Activity: A faithful copy of all the data below, please; leave no line out.

Stored data:
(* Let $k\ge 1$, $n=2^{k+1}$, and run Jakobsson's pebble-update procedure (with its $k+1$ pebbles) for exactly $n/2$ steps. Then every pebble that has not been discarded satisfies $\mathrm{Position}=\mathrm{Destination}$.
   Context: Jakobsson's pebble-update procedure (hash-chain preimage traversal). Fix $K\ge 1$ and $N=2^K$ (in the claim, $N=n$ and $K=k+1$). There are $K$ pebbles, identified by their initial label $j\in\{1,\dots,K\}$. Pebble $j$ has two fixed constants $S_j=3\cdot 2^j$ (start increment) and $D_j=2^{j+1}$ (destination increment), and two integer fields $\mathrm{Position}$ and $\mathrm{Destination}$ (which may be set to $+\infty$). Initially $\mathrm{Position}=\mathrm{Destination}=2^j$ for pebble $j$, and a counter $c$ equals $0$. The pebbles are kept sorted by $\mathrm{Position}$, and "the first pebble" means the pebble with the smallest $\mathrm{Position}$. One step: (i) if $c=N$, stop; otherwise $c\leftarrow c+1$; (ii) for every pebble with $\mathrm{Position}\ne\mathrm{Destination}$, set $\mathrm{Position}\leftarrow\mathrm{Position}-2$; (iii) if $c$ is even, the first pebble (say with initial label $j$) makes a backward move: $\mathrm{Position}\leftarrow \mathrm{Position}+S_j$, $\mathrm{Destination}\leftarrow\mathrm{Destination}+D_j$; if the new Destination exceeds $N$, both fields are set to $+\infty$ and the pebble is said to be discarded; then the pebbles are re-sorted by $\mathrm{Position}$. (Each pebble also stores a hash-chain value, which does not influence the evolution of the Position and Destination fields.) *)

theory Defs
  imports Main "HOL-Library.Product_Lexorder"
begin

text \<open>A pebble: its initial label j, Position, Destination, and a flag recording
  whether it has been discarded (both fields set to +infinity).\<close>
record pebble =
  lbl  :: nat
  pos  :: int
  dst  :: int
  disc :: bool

Solved exercise:
(* Let $k\ge 1$, $n=2^{k+1}$, and run Jakobsson's pebble-update procedure (with its $k+1$ pebbles) for exactly $n/2$ steps. Then every pebble that has not been discarded satisfies $\mathrm{Position}=\mathrm{Destination}$.
   Context: Jakobsson's pebble-update procedure (hash-chain preimage traversal). Fix $K\ge 1$ and $N=2^K$ (in the claim, $N=n$ and $K=k+1$). There are $K$ pebbles, identified by their initial label $j\in\{1,\dots,K\}$. Pebble $j$ has two fixed constants $S_j=3\cdot 2^j$ (start increment) and $D_j=2^{j+1}$ (destination increment), and two integer fields $\mathrm{Position}$ and $\mathrm{Destination}$ (which may be set to $+\infty$). Initially $\mathrm{Position}=\mathrm{Destination}=2^j$ for pebble $j$, and a counter $c$ equals $0$. The pebbles are kept sorted by $\mathrm{Position}$, and "the first pebble" means the pebble with the smallest $\mathrm{Position}$. One step: (i) if $c=N$, stop; otherwise $c\leftarrow c+1$; (ii) for every pebble with $\mathrm{Position}\ne\mathrm{Destination}$, set $\mathrm{Position}\leftarrow\mathrm{Position}-2$; (iii) if $c$ is even, the first pebble (say with initial label $j$) makes a backward move: $\mathrm{Position}\leftarrow \mathrm{Position}+S_j$, $\mathrm{Destination}\leftarrow\mathrm{Destination}+D_j$; if the new Destination exceeds $N$, both fields are set to $+\infty$ and the pebble is said to be discarded; then the pebbles are re-sorted by $\mathrm{Position}$. (Each pebble also stores a hash-chain value, which does not influence the evolution of the Position and Destination fields.) *)

theory Defs
  imports Main "HOL-Library.Product_Lexorder"
begin

text \<open>A pebble: its initial label j, Position, Destination, and a flag recording
  whether it has been discarded (both fields set to +infinity).\<close>
record pebble =
  lbl  :: nat
  pos  :: int
  dst  :: int
  disc :: bool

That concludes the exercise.